(* (Multiparty cut-elimination in MRL.) Let $n\ge1$ and let $R_1,\ldots,R_n\subseteq\mathcal{R}$ be such that the complements $\overline{R_1},\ldots,\overline{R_n}$ are pairwise disjoint and $\overline{R_1}\cup\cdots\cup\overline{R_n}=\mathcal{R}$. For all sequents $\Gamma_1,\ldots,\Gamma_n$ and every formula $A$ of MRL: if $\Gamma_i, R_i{:}A$ is derivable in MRL for each $1\le i\le n$, then $\Gamma_1,\ldots,\Gamma_n$ is derivable in MRL.
   Context: Fix a nonempty set $\mathcal{R}$ (the set of roles). For $R\subseteq\mathcal{R}$ write $\overline{R}=\mathcal{R}\setminus R$. An ultrafilter $\mathcal{U}$ on $\mathcal{R}$ is a set of subsets of $\mathcal{R}$ such that $\mathcal{R}\in\mathcal{U}$; $R_1\in\mathcal{U}$ and $R_1\subseteq R_2$ imply $R_2\in\mathcal{U}$; $R_1,R_2\in\mathcal{U}$ imply $R_1\cap R_2\in\mathcal{U}$; and for every $R\subseteq\mathcal{R}$, $R\in\mathcal{U}$ or $\overline{R}\in\mathcal{U}$. An endomorphism is any function $f:\mathcal{R}\to\mathcal{R}$, and $f^{-1}(R)$ denotes the preimage of $R$. Fix a first-order language of terms $t$ with variables $x$, and a collection of primitive (atomic) formulas $a$ (which may contain terms). Formulas of MRL: $A ::= a \mid \neg_f(A) \mid A_1\wedge_{\mathcal{U}} A_2 \mid A\supset_{f,\mathcal{U}} B \mid \forall_{\mathcal{U}}(\lambda x.A)$, with $f$ an endomorphism and $\mathcal{U}$ an ultrafilter on $\mathcal{R}$; $x$ is bound in $\forall_{\mathcal{U}}(\lambda x.A)$, and $A[t/x]$ is capture-avoiding substitution. An i-formula is a pair $R{:}A$ with $R\subseteq\mathcal{R}$ and $A$ a formula; a sequent is a finite multiset of i-formulas, and comma denotes multiset union. Derivability in MRL is given by the rules (premises $\Rightarrow$ conclusion, $\Gamma,\Gamma_1,\Gamma_2$ arbitrary sequents): (Id) $\Gamma, R_1{:}a,\ldots,R_n{:}a$ is derivable whenever $n\ge1$ and $R_1,\ldots,R_n$ are pairwise disjoint with union $\mathcal{R}$; (Weaken) $\Gamma,R{:}A,R{:}A \Rightarrow \Gamma,R{:}A$; ($\neg$) $\Gamma, f^{-1}(R){:}A \Rightarrow \Gamma, R{:}\neg_f(A)$; ($\wedge$-neg-l) if $R\notin\mathcal{U}$: $\Gamma,R{:}A\Rightarrow\Gamma,R{:}A\wedge_{\mathcal{U}}B$; ($\wedge$-neg-r) if $R\notin\mathcal{U}$: $\Gamma,R{:}B\Rightarrow\Gamma,R{:}A\wedge_{\mathcal{U}}B$; ($\wedge$-pos) if $R\in\mathcal{U}$: $(\Gamma,R{:}A;\ \Gamma,R{:}B)\Rightarrow\Gamma,R{:}A\wedge_{\mathcal{U}}B$; ($\supset$-neg) if $R\notin\mathcal{U}$: $\Gamma,f^{-1}(R){:}A,R{:}B\Rightarrow\Gamma,R{:}A\supset_{f,\mathcal{U}}B$; ($\supset$-pos) if $R\in\mathcal{U}$: $(\Gamma_1,f^{-1}(R){:}A;\ \Gamma_2,R{:}B)\Rightarrow\Gamma_1,\Gamma_2,R{:}A\supset_{f,\mathcal{U}}B$; ($\forall$-neg) if $R\notin\mathcal{U}$ and $t$ is a term: $\Gamma,R{:}A[t/x]\Rightarrow\Gamma,R{:}\forall_{\mathcal{U}}(\lambda x.A)$; ($\forall$-pos) if $R\in\mathcal{U}$ and $x$ has no free occurrence in $\Gamma$: $\Gamma,R{:}A\Rightarrow\Gamma,R{:}\forall_{\mathcal{U}}(\lambda x.A)$. A sequent is derivable in MRL if it is the conclusion of a finite derivation tree built from these rules. *)

theory Defs
  imports Main "HOL-Library.Multiset"
begin

definition ultrafilter :: "'r set set \<Rightarrow> bool" where
  "ultrafilter U \<longleftrightarrow>
     UNIV \<in> U \<and>
     (\<forall>R1 R2. R1 \<in> U \<and> R1 \<subseteq> R2 \<longrightarrow> R2 \<in> U) \<and>
     (\<forall>R1 R2. R1 \<in> U \<and> R2 \<in> U \<longrightarrow> R1 \<inter> R2 \<in> U) \<and>
     (\<forall>R. R \<in> U \<or> - R \<in> U)"

datatype 'f trm = Var nat | Fn 'f "'f trm list"

datatype ('r, 'f, 'p) fm =
    Atom 'p "'f trm list"
  | Neg "'r \<Rightarrow> 'r" "('r, 'f, 'p) fm"
  | Conj "'r set set" "('r, 'f, 'p) fm" "('r, 'f, 'p) fm"
  | Imp "'r \<Rightarrow> 'r" "'r set set" "('r, 'f, 'p) fm" "('r, 'f, 'p) fm"
  | Forall "'r set set" "('r, 'f, 'p) fm"

fun wf_fm :: "('r, 'f, 'p) fm \<Rightarrow> bool" where
  "wf_fm (Atom p ts) = True"
| "wf_fm (Neg f A) = wf_fm A"
| "wf_fm (Conj U A B) = (ultrafilter U \<and> wf_fm A \<and> wf_fm B)"
| "wf_fm (Imp f U A B) = (ultrafilter U \<and> wf_fm A \<and> wf_fm B)"
| "wf_fm (Forall U A) = (ultrafilter U \<and> wf_fm A)"

fun lift_trm :: "nat \<Rightarrow> 'f trm \<Rightarrow> 'f trm" where
  "lift_trm k (Var i) = Var (if i < k then i else Suc i)"
| "lift_trm k (Fn f ts) = Fn f (map (lift_trm k) ts)"

fun subst_trm :: "nat \<Rightarrow> 'f trm \<Rightarrow> 'f trm \<Rightarrow> 'f trm" where
  "subst_trm k t (Var i) = (if i < k then Var i else if i = k then t else Var (i - 1))"
| "subst_trm k t (Fn f ts) = Fn f (map (subst_trm k t) ts)"

fun lift_fm :: "nat \<Rightarrow> ('r, 'f, 'p) fm \<Rightarrow> ('r, 'f, 'p) fm" where
  "lift_fm k (Atom p ts) = Atom p (map (lift_trm k) ts)"
| "lift_fm k (Neg f A) = Neg f (lift_fm k A)"
| "lift_fm k (Conj U A B) = Conj U (lift_fm k A) (lift_fm k B)"
| "lift_fm k (Imp f U A B) = Imp f U (lift_fm k A) (lift_fm k B)"
| "lift_fm k (Forall U A) = Forall U (lift_fm (Suc k) A)"

fun subst_fm :: "nat \<Rightarrow> 'f trm \<Rightarrow> ('r, 'f, 'p) fm \<Rightarrow> ('r, 'f, 'p) fm" where
  "subst_fm k t (Atom p ts) = Atom p (map (subst_trm k t) ts)"
| "subst_fm k t (Neg f A) = Neg f (subst_fm k t A)"
| "subst_fm k t (Conj U A B) = Conj U (subst_fm k t A) (subst_fm k t B)"
| "subst_fm k t (Imp f U A B) = Imp f U (subst_fm k t A) (subst_fm k t B)"
| "subst_fm k t (Forall U A) = Forall U (subst_fm (Suc k) (lift_trm 0 t) A)"

type_synonym ('r, 'f, 'p) sequent = "('r set \<times> ('r, 'f, 'p) fm) multiset"

definition lift_seq :: "('r, 'f, 'p) sequent \<Rightarrow> ('r, 'f, 'p) sequent" where
  "lift_seq \<Gamma> = image_mset (\<lambda>(R, B). (R, lift_fm 0 B)) \<Gamma>"

inductive derivable :: "('r, 'f, 'p) sequent \<Rightarrow> bool" where
  Id: "\<lbrakk> Rs \<noteq> [];
         \<forall>i < length Rs. \<forall>j < length Rs. i \<noteq> j \<longrightarrow> Rs ! i \<inter> Rs ! j = {};
         \<Union> (set Rs) = UNIV \<rbrakk>
       \<Longrightarrow> derivable (\<Gamma> + mset (map (\<lambda>R. (R, Atom p ts)) Rs))"
| Weaken: "derivable (\<Gamma> + {#(R, A), (R, A)#}) \<Longrightarrow> derivable (\<Gamma> + {#(R, A)#})"
| NegR: "derivable (\<Gamma> + {#(f -` R, A)#}) \<Longrightarrow> derivable (\<Gamma> + {#(R, Neg f A)#})"
| ConjNegL: "\<lbrakk> R \<notin> U; derivable (\<Gamma> + {#(R, A)#}) \<rbrakk>
       \<Longrightarrow> derivable (\<Gamma> + {#(R, Conj U A B)#})"
| ConjNegR: "\<lbrakk> R \<notin> U; derivable (\<Gamma> + {#(R, B)#}) \<rbrakk>
       \<Longrightarrow> derivable (\<Gamma> + {#(R, Conj U A B)#})"
| ConjPos: "\<lbrakk> R \<in> U; derivable (\<Gamma> + {#(R, A)#}); derivable (\<Gamma> + {#(R, B)#}) \<rbrakk>
       \<Longrightarrow> derivable (\<Gamma> + {#(R, Conj U A B)#})"
| ImpNeg: "\<lbrakk> R \<notin> U; derivable (\<Gamma> + {#(f -` R, A), (R, B)#}) \<rbrakk>
       \<Longrightarrow> derivable (\<Gamma> + {#(R, Imp f U A B)#})"
| ImpPos: "\<lbrakk> R \<in> U; derivable (\<Gamma>1 + {#(f -` R, A)#}); derivable (\<Gamma>2 + {#(R, B)#}) \<rbrakk>
       \<Longrightarrow> derivable (\<Gamma>1 + \<Gamma>2 + {#(R, Imp f U A B)#})"
| ForallNeg: "\<lbrakk> R \<notin> U; derivable (\<Gamma> + {#(R, subst_fm 0 t A)#}) \<rbrakk>
       \<Longrightarrow> derivable (\<Gamma> + {#(R, Forall U A)#})"
| ForallPos: "\<lbrakk> R \<in> U; derivable (lift_seq \<Gamma> + {#(R, A)#}) \<rbrakk>
       \<Longrightarrow> derivable (\<Gamma> + {#(R, Forall U A)#})"

definition wf_seq :: "('r, 'f, 'p) sequent \<Rightarrow> bool" where
  "wf_seq \<Gamma> \<longleftrightarrow> (\<forall>x \<in># \<Gamma>. wf_fm (snd x))"

end

theory Submission
  imports Defs
begin

text \<open>Multiparty cut is admissible by induction on the cut formula A, for every multiset of
  parties (R, \<Gamma>) such that each \<Gamma>, R:A is derivable and the complements of the role sets R
  partition the roles.

  If A is decorated with an ultrafilter U, at most one R lies outside U, since the complements of
  two such roles would be disjoint members of U. The positive rules and the negation rule are
  invertible, and so are the negative rules for conjunction and implication; hence every party can
  be inverted and the cut is performed on the immediate subformulas, the party outside U (if any)
  being cut against all the others one subformula at a time. The negative quantifier rule is not
  invertible: instead, the quantified occurrence is traced up its derivation to the instances of
  that rule, and the cut is applied there to the instantiated formula.

  Atomic occurrences are traced up to the identity axioms. This merges two parties into one whose
  role set is the intersection of theirs; a single remaining party has the empty role set, and an
  atom without roles can be dropped.\<close>

lemma lift_lift_trm: "i \<le> k \<Longrightarrow> lift_trm i (lift_trm k t) = lift_trm (Suc k) (lift_trm i t)"
  by (induction t) auto

lemma lift_subst_trm_le:
  "i \<le> k \<Longrightarrow> lift_trm i (subst_trm k s u) = subst_trm (Suc k) (lift_trm i s) (lift_trm i u)"
  by (induction u) auto

lemma lift_subst_trm_ge:
  "k \<le> i \<Longrightarrow> lift_trm i (subst_trm k s u) = subst_trm k (lift_trm i s) (lift_trm (Suc i) u)"
  by (induction u) auto

lemma subst_lift_trm: "subst_trm k s (lift_trm k u) = u"
  by (induction u) (auto simp: map_idI)

lemma subst_subst_trm:
  "m \<le> k \<Longrightarrow> subst_trm k t (subst_trm m s u)
     = subst_trm m (subst_trm k t s) (subst_trm (Suc k) (lift_trm m t) u)"
  by (induction u) (auto simp: subst_lift_trm)

lemma lift_lift_fm: "i \<le> k \<Longrightarrow> lift_fm i (lift_fm k A) = lift_fm (Suc k) (lift_fm i A)"
  by (induction A arbitrary: i k) (auto simp: lift_lift_trm)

WORK INSTRUCTION:
Within the listing, how many lines hold the string "induction"? State that number alone.

WRITTEN SOLUTION:
7